• DIRECTIONS
Please take the records that follow and repeat exactly the lines starting with the line with "the other coefficients" and going on through the line with "x = (\<lambda>i".

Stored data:
'''
lemma ps_eval_eqI:
  assumes "av_sums av (\<lambda>k. fps_nth a k * t ^ k) s"
  shows "ps_eval av a t = s"
  unfolding ps_eval_def
proof (rule the_equality)
  show "av_sums av (\<lambda>k. fps_nth a k * t ^ k) s"
    by (rule assms)
  show "s' = s" if "av_sums av (\<lambda>k. fps_nth a k * t ^ k) s'" for s'
    using that assms by (rule av_sums_unique)
qed

lemma av_ps_eval_minus_constant_le:
  assumes "av_complete av" and "\<And>k. av (fps_nth a k) \<le> 1" and "av t < 1"
  shows "av (ps_eval av a t - fps_nth a 0) \<le> av t"
proof -
  define g where "g k = fps_nth a k * t ^ k" for k
  have g_le: "av (g k) \<le> av t ^ k" for k
  proof -
    have "av (g k) = av (fps_nth a k) * av t ^ k"
      by (simp add: g_def av_mult av_power)
    also have "\<dots> \<le> av t ^ k"
      using assms(2)[of k] by (intro mult_left_le_one_le) (simp_all add: av_nonneg)
    finally show ?thesis .
  qed
  have "(\<lambda>k. av t ^ k) \<longlonglongrightarrow> 0"
    using assms(3) av_nonneg[of t] by (intro LIMSEQ_power_zero) simp
  then have "(\<lambda>k. av (g k)) \<longlonglongrightarrow> 0"
    by (intro tendsto_sandwich[of "\<lambda>_. 0" "\<lambda>k. av (g k)" sequentially "\<lambda>k. av t ^ k"])
      (simp_all add: av_nonneg g_le)
  then obtain s where s: "av_sums av g s"
    using av_sums_exists[OF assms(1)] by blast
  have "av (g (Suc k)) \<le> av t" for k
    using g_le[of "Suc k"] power_decreasing[of 1 "Suc k" "av t"] assms(3) av_nonneg[of t] by simp
  then have "av (s - g 0) \<le> av t"
    by (rule av_sums_le[OF av_sums_shift[OF s]])
  moreover have "ps_eval av a t = s"
    using s unfolding g_def by (rule ps_eval_eqI)
  ultimately show ?thesis
    by (simp add: g_def)
qed

section \<open>Newton polygon bounds and roots in a disk\<close>

definition unit_disk_root_count :: "'a poly \<Rightarrow> nat" where
  "unit_disk_root_count Q = (\<Sum>w\<in>{w. av w < 1 \<and> poly Q w = 0}. order w Q)"

lemma unit_disk_root_count_const [simp]:
  assumes "a \<noteq> 0"
  shows "unit_disk_root_count [:a:] = 0"
  using assms by (simp add: unit_disk_root_count_def)

lemma unit_disk_root_count_linear_mult:
  assumes "Q \<noteq> 0"
  shows "unit_disk_root_count ([:-z, 1:] * Q) = (if av z < 1 then 1 else 0) + unit_disk_root_count Q"
proof -
  define P where "P = [:-z, 1:] * Q"
  define S where "S = {w. av w < 1 \<and> poly P w = 0}"
  have "P \<noteq> 0"
    using assms unfolding P_def by (metis mult_eq_0_iff pCons_eq_0_iff one_neq_zero)
  then have "finite S"
    unfolding S_def by (rule rev_finite_subset[OF poly_roots_finite]) auto
  have order_P: "order w P = (if w = z then 1 else 0) + order w Q" for w
    using order_mult[OF \<open>P \<noteq> 0\<close>[unfolded P_def]] by (simp add: P_def order_linear_factor)
  have "unit_disk_root_count P = (\<Sum>w\<in>S. if w = z then 1 else 0) + (\<Sum>w\<in>S. order w Q)"
    unfolding unit_disk_root_count_def S_def[symmetric] order_P by (simp add: sum.distrib)
  also have "(\<Sum>w\<in>S. if w = z then 1 else 0) = (if av z < 1 then 1 else (0::nat))"
    using \<open>finite S\<close> by (simp add: sum.delta S_def P_def)
  also have "(\<Sum>w\<in>S. order w Q) = unit_disk_root_count Q"
    unfolding unit_disk_root_count_def
    by (rule sum.mono_neutral_right) (use \<open>finite S\<close> in \<open>auto simp: S_def P_def order_0I\<close>)
  finally show ?thesis
    unfolding P_def .
qed

(* Peeling off a linear factor x - z multiplies the constant coefficient by |z| \<ge> r and shifts
   the other coefficients up by one degree. *)
lemma av_coeff_power_le_av_coeff_0:
  assumes "alg_closed_field TYPE('a)" and "Q \<noteq> 0" and "0 \<le> r"
    and "\<And>z. poly Q z = 0 \<Longrightarrow> r \<le> av z"
  shows "av (coeff Q j) * r ^ j \<le> av (coeff Q 0)"
  using assms(1,2,4)
proof (induction Q arbitrary: j rule: alg_closed_poly_induct)
  case (const a)
  then show ?case
    by (cases j) (simp_all add: av_nonneg)
next
  case (linear z Q)
  then have "r \<le> av z" and IH: "\<And>i. av (coeff Q i) * r ^ i \<le> av (coeff Q 0)"
    by auto
  show ?case
  proof (cases j)
    case (Suc k)
    have "av (coeff Q k) * r ^ j \<le> av z * av (coeff Q 0)"
      using mult_mono[OF IH[of k] \<open>r \<le> av z\<close>] assms(3) av_nonneg by (simp add: Suc mult_ac)
    moreover have "av (z * coeff Q (Suc k)) * r ^ j \<le> av z * av (coeff Q 0)"
      using mult_left_mono[OF IH[of "Suc k"] av_nonneg[of z]] by (simp add: Suc av_mult mult_ac)
    ultimately have "max (av (coeff Q k)) (av (z * coeff Q (Suc k))) * r ^ j \<le> av z * av (coeff Q 0)"
      by (simp add: max_def)
    moreover have "av (coeff ([:-z, 1:] * Q) j) \<le> max (av (coeff Q k)) (av (z * coeff Q (Suc k)))"
      using av_diff_le_max unfolding Suc coeff_linear_factor_mult_Suc .
    ultimately show ?thesis
      using assms(3) by (simp add: av_mult order_trans[OF mult_right_mono])
  qed (simp add: av_mult)
qed
definition jet_of :: "(nat \<Rightarrow> real \<Rightarrow> real) \<Rightarrow> real \<Rightarrow> jet" where
  "jet_of u x = (\<lambda>i k. (deriv ^^ k) (u i) x)"

definition smooth_fn :: "(real \<Rightarrow> real) \<Rightarrow> bool" where
  "smooth_fn f \<longleftrightarrow> (\<forall>k x. (deriv ^^ k) f differentiable (at x))"

text \<open>Admissible field configurations (x-dependence; t is a spectator):
  smooth fields u_0..u_{N-1}, with u_0 > 0 so that u_0^(1/2) makes sense.\<close>
definition admissible :: "nat \<Rightarrow> (nat \<Rightarrow> real \<Rightarrow> real) \<Rightarrow> bool" where
  "admissible N u \<longleftrightarrow> (\<forall>i<N. smooth_fn (u i)) \<and> (\<forall>x. u 0 x > 0)"

definition is_local :: "nat \<Rightarrow> (jet \<Rightarrow> real) \<Rightarrow> bool" where
  "is_local N F \<longleftrightarrow>
     (\<exists>m. \<forall>j j'. (\<forall>i<N. \<forall>k\<le>m. j i k = j' i k) \<longrightarrow> F j = F j')"

definition fld :: "nat \<Rightarrow> (nat \<Rightarrow> real \<Rightarrow> real) \<Rightarrow> nat \<Rightarrow> real \<Rightarrow> real" where
  "fld N u i x = (if i < N then u i x else if i = N then -1 else 0)"

definition epsc :: "nat \<Rightarrow> (nat \<Rightarrow> real) \<Rightarrow> nat \<Rightarrow> real" where
  "epsc N \<epsilon> i = (if 0 < i \<and> i < N then \<epsilon> i else 0)"

text \<open>J_i g = 1/4 eps_i g''' + 1/2 (u_i g' + (u_i g)') = 1/4 eps_i g''' + u_i g' + 1/2 u_i' g.\<close>
definition Jop :: "nat \<Rightarrow> (nat \<Rightarrow> real) \<Rightarrow> (nat \<Rightarrow> real \<Rightarrow> real) \<Rightarrow> nat
                    \<Rightarrow> (real \<Rightarrow> real) \<Rightarrow> real \<Rightarrow> real" where
  "Jop N \<epsilon> u i g x =
     epsc N \<epsilon> i / 4 * (deriv ^^ 3) g x + fld N u i x * deriv g x
     + 1 / 2 * deriv (fld N u i) x * g x"

text \<open>K s i (components i = 1..N) is a realisation of the hierarchy:
  K_0 and K_{-1} = B_0 gamma_{-1} as given, K_{s+1} = R K_s (s \<ge> 0) and
  K_{s-1} = R^{-1} K_s (s \<le> -1), where the formal inverses
  J_N^{-1} = -\<partial>^{-1} and J_0^{-1} are realised by differential functions w, z:
  (R V)_i = V_{i-1} + J_{i-1} w with \<partial> w = V_N (V_0 = 0);
  (R^{-1} W)_i = W_{i+1} - J_i z with J_0 z = W_1 (W_{N+1} = 0).\<close>
definition cKdV_hierarchy :: "nat \<Rightarrow> (nat \<Rightarrow> real) \<Rightarrow> (int \<Rightarrow> nat \<Rightarrow> jet \<Rightarrow> real) \<Rightarrow> bool" where
  "cKdV_hierarchy N \<epsilon> K \<longleftrightarrow>
   (\<forall>u x. admissible N u \<longrightarrow> (\<forall>i\<in>{1..N}.
       K 0 i (jet_of u x) = deriv (u (i - 1)) x \<and>
       K (-1) i (jet_of u x) = - Jop N \<epsilon> u i (\<lambda>y. 1 / sqrt (u 0 y)) x))
   \<and> (\<forall>s\<ge>0. \<exists>w. \<forall>u. admissible N u \<longrightarrow>
         smooth_fn (\<lambda>y. w (jet_of u y)) \<and>
         (\<forall>x. ((\<lambda>y. w (jet_of u y)) has_real_derivative K s N (jet_of u x)) (at x)) \<and>
         (\<forall>x. \<forall>i\<in>{1..N}. K (s + 1) i (jet_of u x) =
              (if i = 1 then 0 else K s (i - 1) (jet_of u x))
              + Jop N \<epsilon> u (i - 1) (\<lambda>y. w (jet_of u y)) x))
   \<and> (\<forall>s\<le>-1. \<exists>z. \<forall>u. admissible N u \<longrightarrow>
         smooth_fn (\<lambda>y. z (jet_of u y)) \<and>
         (\<forall>x. Jop N \<epsilon> u 0 (\<lambda>y. z (jet_of u y)) x = K s 1 (jet_of u x)) \<and>
         (\<forall>x. \<forall>i\<in>{1..N}. K (s - 1) i (jet_of u x) =
              (if i = N then 0 else K s (i + 1) (jet_of u x))
              - Jop N \<epsilon> u i (\<lambda>y. z (jet_of u y)) x))"

end

theory Submission
  imports Defs
begin

text \<open>The flows are built from the operators \<open>J\<^sub>i\<close> and two sequences of differential functions
  \<open>a\<^sub>n\<close>, \<open>b\<^sub>n\<close> which realise the formal inverses \<open>J\<^sub>N\<^sup>-\<^sup>1 = -\<partial>\<^sup>-\<^sup>1\<close> and \<open>J\<^sub>0\<^sup>-\<^sup>1\<close> occurring in
  \<open>R\<close> and \<open>R\<^sup>-\<^sup>1\<close>. With \<open>S\<^sub>i a = \<epsilon>\<^sub>i/4 (a a\<^sub>x\<^sub>x - a\<^sub>x\<^sup>2/2) + u\<^sub>i a\<^sup>2/2\<close>, so that \<open>\<partial> S\<^sub>i a = a J\<^sub>i a\<close>,
  the series \<open>a = \<Sum> a\<^sub>n \<lambda>\<^sup>-\<^sup>n\<close> is determined by requiring every coefficient of
  \<open>\<Sum>\<^sub>i \<lambda>\<^sup>-\<^sup>i S\<^sub>N\<^sub>-\<^sub>i a\<close> to be constant: the coefficient of \<open>\<lambda>\<^sup>-\<^sup>n\<close> is affine in \<open>a\<^sub>n\<close> with the invertible
  slope \<open>u\<^sub>N a\<^sub>0 = -2\<close>, so each \<open>a\<^sub>n\<close> is an explicit polynomial expression in \<open>a\<^sub>0, \<dots>, a\<^sub>n\<^sub>-\<^sub>1\<close> and
  their derivatives, hence local. Differentiating these conservation laws gives
  \<open>a \<cdot> \<Sum>\<^sub>i \<lambda>\<^sup>-\<^sup>i J\<^sub>N\<^sub>-\<^sub>i a = 0\<close>, and since \<open>a\<^sub>0 \<noteq> 0\<close> this is the recursion
  \<open>\<partial> a\<^sub>s\<^sub>+\<^sub>1 = \<Sum>\<^sub>k J\<^sub>N\<^sub>-\<^sub>1\<^sub>-\<^sub>k a\<^sub>s\<^sub>-\<^sub>k\<close> needed to raise \<open>K\<^sub>s\<close> to \<open>K\<^sub>s\<^sub>+\<^sub>1\<close> locally. The series \<open>b\<close> with
  \<open>b\<^sub>0 = u\<^sub>0\<^sup>-\<^sup>1\<^sup>/\<^sup>2\<close> and the pencil \<open>\<Sum>\<^sub>i \<lambda>\<^sup>-\<^sup>i S\<^sub>i\<close> treats the negative flows in the same way.
  Locality is tracked by a coinductive class of local functions whose total \<open>x\<close>-derivative is
  again in the class; it is closed under the ring operations and real powers of \<open>u\<^sub>0\<close>.\<close>

lemma sum_convolution_swap:
  "(\<Sum>k\<le>m. f k (m - k)) = (\<Sum>k\<le>m. f (m - k) (k::nat))"
  by (rule sum.reindex_bij_witness[where i = "\<lambda>k. m - k" and j = "\<lambda>k. m - k"]) auto

lemma sum_triangle_swap:
  fixes N n :: nat
  shows "(\<Sum>i\<le>N. if i \<le> n then \<Sum>k\<le>n - i. f i k else 0) = (\<Sum>k\<le>n. \<Sum>i\<le>N. if i \<le> n - k then f i k else 0)"
proof -
  have "(if i \<le> n then \<Sum>k\<le>n - i. f i k else 0) = (\<Sum>k\<le>n. if i + k \<le> n then f i k else 0)" for i
  proof -
    have "{k \<in> {..n}. i + k \<le> n} = (if i \<le> n then {..n - i} else {})" by auto
    then show ?thesis using sum.inter_filter[of "{..n}" "f i" "\<lambda>k. i + k \<le> n"]
      by (auto split: if_splits)
  qed
  moreover have "(\<Sum>i\<le>N. if i \<le> n - k then f i k else 0) = (\<Sum>i\<le>N. if i + k \<le> n then f i k else 0)"
    if "k \<le> n" for k
    using that by (intro sum.cong) auto
  ultimately show ?thesis by (simp add: sum.swap[of _ "{..N}"])
qed

lemma convolution_eq_0_imp_eq_0:
  fixes a e :: "nat \<Rightarrow> 'a::idom"
  assumes conv: "\<And>n. (\<Sum>k\<le>n. a k * e (n - k)) = 0" and "a 0 \<noteq> 0"
  shows "e n = 0"
proof (induction n rule: less_induct)
  case (less n)
  have "(\<Sum>k\<le>n. a k * e (n - k)) = a 0 * e n + (\<Sum>k<n. a (Suc k) * e (n - Suc k))"
    by (subst sum.atMost_shift) simp
  also have "(\<Sum>k<n. a (Suc k) * e (n - Suc k)) = 0"
    using less by (intro sum.neutral) auto
  finally show ?case using conv[of n] \<open>a 0 \<noteq> 0\<close> by simp
qed
lemma mset_abs_list_vmeet:
  assumes x: "decr r x" and y: "decr r y" and eq: "mset (abs_list r x) = mset (abs_list r y)"
  shows "mset (abs_list r (vmeet x y)) = mset (abs_list r x)"
proof (rule multiset_eqI)
  fix v :: real
  have eq_level: "card {i. i < r \<and> P \<bar>x i\<bar>} = card {i. i < r \<and> P \<bar>y i\<bar>}" for P
    using size_filter_mset_abs_list[of P r x] size_filter_mset_abs_list[of P r y] eq by simp
  have level: "card {i. i < r \<and> P \<bar>vmeet x y i\<bar>} = card {i. i < r \<and> P \<bar>x i\<bar>}"
    if "\<And>a b. P a \<Longrightarrow> a \<le> b \<Longrightarrow> P b" for P :: "real \<Rightarrow> bool"
    unfolding vmeet_def by (rule card_abs_superlevel_min[where P = P, OF x y that eq_level])
  have "{i. i < r \<and> \<bar>w i\<bar> = v} = {i. i < r \<and> v \<le> \<bar>w i\<bar>} - {i. i < r \<and> v < \<bar>w i\<bar>}"
    for w :: "nat \<Rightarrow> real"
    by auto
  then have "count (mset (abs_list r w)) v
           = card {i. i < r \<and> v \<le> \<bar>w i\<bar>} - card {i. i < r \<and> v < \<bar>w i\<bar>}" for w
    by (simp add: count_mset_abs_list card_Diff_subset subset_iff)
  then show "count (mset (abs_list r (vmeet x y))) v = count (mset (abs_list r x)) v"
    using level[of "\<lambda>u. v \<le> u"] level[of "\<lambda>u. v < u"] by simp
qed

lemma conj_lin_W_C_vmeet:
  assumes "decr r x" "decr r y" "conj_lin (W_C r) r x y"
  shows "conj_lin (W_C r) r x (vmeet x y)"
  using assms mset_abs_list_vmeet by (simp add: conj_lin_W_C_iff_mset_abs_list)

lemma prod_neg_one_if:
  "finite A \<Longrightarrow> (\<Prod>i\<in>A. if P i then - 1 else 1 :: 'a :: comm_ring_1) = (- 1) ^ card {i\<in>A. P i}"
  by (simp add: prod.If_cases Int_def)

lemma prod_sgn_sp_act:
  assumes "(\<sigma>, s) \<in> W_C r"
  shows "(\<Prod>i<r. sgn (sp_act r \<sigma> s x i)) = (- 1) ^ card {i. i < r \<and> s i} * (\<Prod>i<r. sgn (x i))"
proof -
  have \<sigma>: "\<sigma> permutes {..<r}"
    using assms by (simp add: W_C_def)
  have "(\<Prod>i<r. sgn (sp_act r \<sigma> s x i)) = (\<Prod>i<r. (if s i then - 1 else 1) * sgn (x (\<sigma> i)))"
    by (rule prod.cong) (simp_all add: sp_act_def sgn_minus)
  also have "\<dots> = (\<Prod>i<r. if s i then - 1 else 1) * (\<Prod>i<r. sgn (x (\<sigma> i)))"
    by (rule prod.distrib)
  also have "(\<Prod>i<r. sgn (x (\<sigma> i))) = (\<Prod>i<r. sgn (x i))"
    using prod.permute[OF \<sigma>, of "\<lambda>i. sgn (x i)"] by (simp add: comp_def)
  also have "(\<Prod>i<r. if s i then - 1 else 1 :: real) = (- 1) ^ card {i. i < r \<and> s i}"
    by (simp add: prod_neg_one_if)
  finally show ?thesis .
qed

lemma prod_sgn_eq_neg_one_power:
  fixes x :: "nat \<Rightarrow> real"
  assumes "\<forall>i<r. x i \<noteq> 0"
  shows "(\<Prod>i<r. sgn (x i)) = (- 1) ^ card {i. i < r \<and> x i < 0}"
proof -
  have "(\<Prod>i<r. sgn (x i)) = (\<Prod>i<r. if x i < 0 then - 1 else 1 :: real)"
    using assms by (intro prod.cong) (auto simp: sgn_if)
  then show ?thesis
    by (simp add: prod_neg_one_if)
qed

lemma prod_sgn_eq_0_iff:
  fixes x :: "nat \<Rightarrow> real"
  shows "(\<Prod>i<r. sgn (x i)) = 0 \<longleftrightarrow> (\<exists>j<r. x j = 0)"
  by (auto simp: sgn_eq_0_iff)

lemma sp_act_update_at_zero:
  assumes "x (\<sigma> k) = 0"
  shows "sp_act r \<sigma> (s(k := b)) x = sp_act r \<sigma> s x"
  using assms by (auto simp: sp_act_def fun_eq_iff)

lemma even_card_flip_iff:
  fixes s :: "nat \<Rightarrow> bool"
  assumes "k < r"
  shows "even (card {i. i < r \<and> (s(k := \<not> s k)) i}) \<longleftrightarrow> odd (card {i. i < r \<and> s i})"
proof (cases "s k")
  case True
  then have "{i. i < r \<and> (s(k := \<not> s k)) i} = {i. i < r \<and> s i} - {k}"
    by auto
  moreover have "Suc (card ({i. i < r \<and> s i} - {k})) = card {i. i < r \<and> s i}"
    using True assms by (intro card_Suc_Diff1) auto
  ultimately show ?thesis
    by (metis even_Suc)
next
  case False
  then have "{i. i < r \<and> (s(k := \<not> s k)) i} = insert k {i. i < r \<and> s i}"
    using assms by auto
  then show ?thesis
    using False by simp
qed

lemma conj_lin_W_D_iff:
  "conj_lin (W_D r) r x y \<longleftrightarrow>
     conj_lin (W_C r) r x y \<and> (\<Prod>i<r. sgn (x i)) = (\<Prod>i<r. sgn (y i))"
proof
  assume "conj_lin (W_D r) r x y"
  then obtain \<sigma> s where ws: "(\<sigma>, s) \<in> W_C r" and even: "even (card {i. i < r \<and> s i})"
    and act: "\<forall>i<r. sp_act r \<sigma> s x i = y i"
    by (auto simp: conj_lin_def W_D_def)
  have "(\<Prod>i<r. sgn (y i)) = (\<Prod>i<r. sgn (sp_act r \<sigma> s x i))"
    using act by simp
  also have "\<dots> = (\<Prod>i<r. sgn (x i))"
    using prod_sgn_sp_act[OF ws] even by simp
  finally show "conj_lin (W_C r) r x y \<and> (\<Prod>i<r. sgn (x i)) = (\<Prod>i<r. sgn (y i))"
    using ws act unfolding conj_lin_def by auto
next
  assume "conj_lin (W_C r) r x y \<and> (\<Prod>i<r. sgn (x i)) = (\<Prod>i<r. sgn (y i))"
  then obtain \<sigma> s where ws: "(\<sigma>, s) \<in> W_C r" and act: "\<forall>i<r. sp_act r \<sigma> s x i = y i"
    and prod_eq: "(\<Prod>i<r. sgn (x i)) = (\<Prod>i<r. sgn (y i))"
    by (auto simp: conj_lin_def)
  have \<sigma>: "\<sigma> permutes {..<r}"
    using ws by (simp add: W_C_def)
  show "conj_lin (W_D r) r x y"
  proof (cases "even (card {i. i < r \<and> s i})")
    case True
    then show ?thesis
      using ws act by (auto simp: conj_lin_def W_D_def)
  next
    case odd: False
    \<comment> \<open>an odd number of sign changes preserves the product of signs only if it vanishes; then
      an extra sign change at a zero coordinate restores even parity\<close>
    have "(\<Prod>i<r. sgn (y i)) = - (\<Prod>i<r. sgn (x i))"
      using prod_sgn_sp_act[OF ws, of x] act odd by simp
    with prod_eq have "(\<Prod>i<r. sgn (x i)) = 0"
      by linarith
    then obtain j where j: "j < r" "x j = 0"
      by (auto simp: prod_sgn_eq_0_iff)
    define k where "k = inv \<sigma> j"
    have k: "k < r" "\<sigma> k = j"
      using permutes_in_image[OF permutes_inv[OF \<sigma>]] permutes_inverses(1)[OF \<sigma>] j
      by (auto simp: k_def)
    have "(\<sigma>, s(k := \<not> s k)) \<in> W_C r"
      using ws k by (auto simp: W_C_def)
    moreover have "even (card {i. i < r \<and> (s(k := \<not> s k)) i})"
      using even_card_flip_iff[OF k(1)] odd by simp
    moreover have "\<forall>i<r. sp_act r \<sigma> (s(k := \<not> s k)) x i = y i"
      using sp_act_update_at_zero[of x \<sigma> k] j k act by simp
    ultimately show ?thesis
      unfolding conj_lin_def W_D_def by blast
  qed
qed

lemma conj_lin_W_D_vmeet:
  assumes x: "decr r x" and y: "decr r y" and xy: "conj_lin (W_D r) r x y"
  shows "conj_lin (W_D r) r x (vmeet x y)"
proof -
  let ?z = "vmeet x y"
  have eq: "mset (abs_list r x) = mset (abs_list r y)"
    and prod_eq: "(\<Prod>i<r. sgn (x i)) = (\<Prod>i<r. sgn (y i))"
    using xy by (simp_all add: conj_lin_W_D_iff conj_lin_W_C_iff_mset_abs_list)
  have eq_z: "mset (abs_list r ?z) = mset (abs_list r x)"
    by (rule mset_abs_list_vmeet[OF x y eq])
  have "(\<Prod>i<r. sgn (?z i)) = (\<Prod>i<r. sgn (x i))"
  proof (cases "\<exists>j<r. x j = 0")
    case True
    moreover from this have "\<exists>j<r. ?z j = 0"
      using eq_z by (metis zero_in_abs_list_iff set_mset_mset)
    ultimately show ?thesis
      by (metis prod_sgn_eq_0_iff)
  next
    case False
    then have nz_x: "\<forall>j<r. x j \<noteq> 0" and nz_y: "\<forall>j<r. y j \<noteq> 0"
      using eq by (metis zero_in_abs_list_iff set_mset_mset)+
    then have nz_z: "\<forall>j<r. ?z j \<noteq> 0"
      by (simp add: vmeet_def min_def)
    have "{i. i < r \<and> ?z i < 0} = {i. i < r \<and> x i < 0} \<union> {i. i < r \<and> y i < 0}"
      by (auto simp: vmeet_def)
    moreover have "{i. i < r \<and> x i < 0} \<subseteq> {i. i < r \<and> y i < 0}
                 \<or> {i. i < r \<and> y i < 0} \<subseteq> {i. i < r \<and> x i < 0}"
      by (rule decr_sublevel_sets_nested[OF x y]) simp
    ultimately have "card {i. i < r \<and> ?z i < 0} = card {i. i < r \<and> x i < 0}
                   \<or> card {i. i < r \<and> ?z i < 0} = card {i. i < r \<and> y i < 0}"
      by (auto simp: Un_absorb1 Un_absorb2)
    then show ?thesis
      using prod_eq prod_sgn_eq_neg_one_power[OF nz_x] prod_sgn_eq_neg_one_power[OF nz_y]
        prod_sgn_eq_neg_one_power[OF nz_z]
      by auto
  qed
  then show ?thesis
    using eq_z by (simp add: conj_lin_W_D_iff conj_lin_W_C_iff_mset_abs_list)
qed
'''
• SOLUTION FOR THIS PROBLEM
   the other coefficients up by one degree. *)
lemma av_coeff_power_le_av_coeff_0:
  assumes "alg_closed_field TYPE('a)" and "Q \<noteq> 0" and "0 \<le> r"
    and "\<And>z. poly Q z = 0 \<Longrightarrow> r \<le> av z"
  shows "av (coeff Q j) * r ^ j \<le> av (coeff Q 0)"
  using assms(1,2,4)
proof (induction Q arbitrary: j rule: alg_closed_poly_induct)
  case (const a)
  then show ?case
    by (cases j) (simp_all add: av_nonneg)
next
  case (linear z Q)
  then have "r \<le> av z" and IH: "\<And>i. av (coeff Q i) * r ^ i \<le> av (coeff Q 0)"
    by auto
  show ?case
  proof (cases j)
    case (Suc k)
    have "av (coeff Q k) * r ^ j \<le> av z * av (coeff Q 0)"
      using mult_mono[OF IH[of k] \<open>r \<le> av z\<close>] assms(3) av_nonneg by (simp add: Suc mult_ac)
    moreover have "av (z * coeff Q (Suc k)) * r ^ j \<le> av z * av (coeff Q 0)"
      using mult_left_mono[OF IH[of "Suc k"] av_nonneg[of z]] by (simp add: Suc av_mult mult_ac)
    ultimately have "max (av (coeff Q k)) (av (z * coeff Q (Suc k))) * r ^ j \<le> av z * av (coeff Q 0)"
      by (simp add: max_def)
    moreover have "av (coeff ([:-z, 1:] * Q) j) \<le> max (av (coeff Q k)) (av (z * coeff Q (Suc k)))"
      using av_diff_le_max unfolding Suc coeff_linear_factor_mult_Suc .
    ultimately show ?thesis
      using assms(3) by (simp add: av_mult order_trans[OF mult_right_mono])
  qed (simp add: av_mult)
qed
definition jet_of :: "(nat \<Rightarrow> real \<Rightarrow> real) \<Rightarrow> real \<Rightarrow> jet" where
  "jet_of u x = (\<lambda>i k. (deriv ^^ k) (u i) x)"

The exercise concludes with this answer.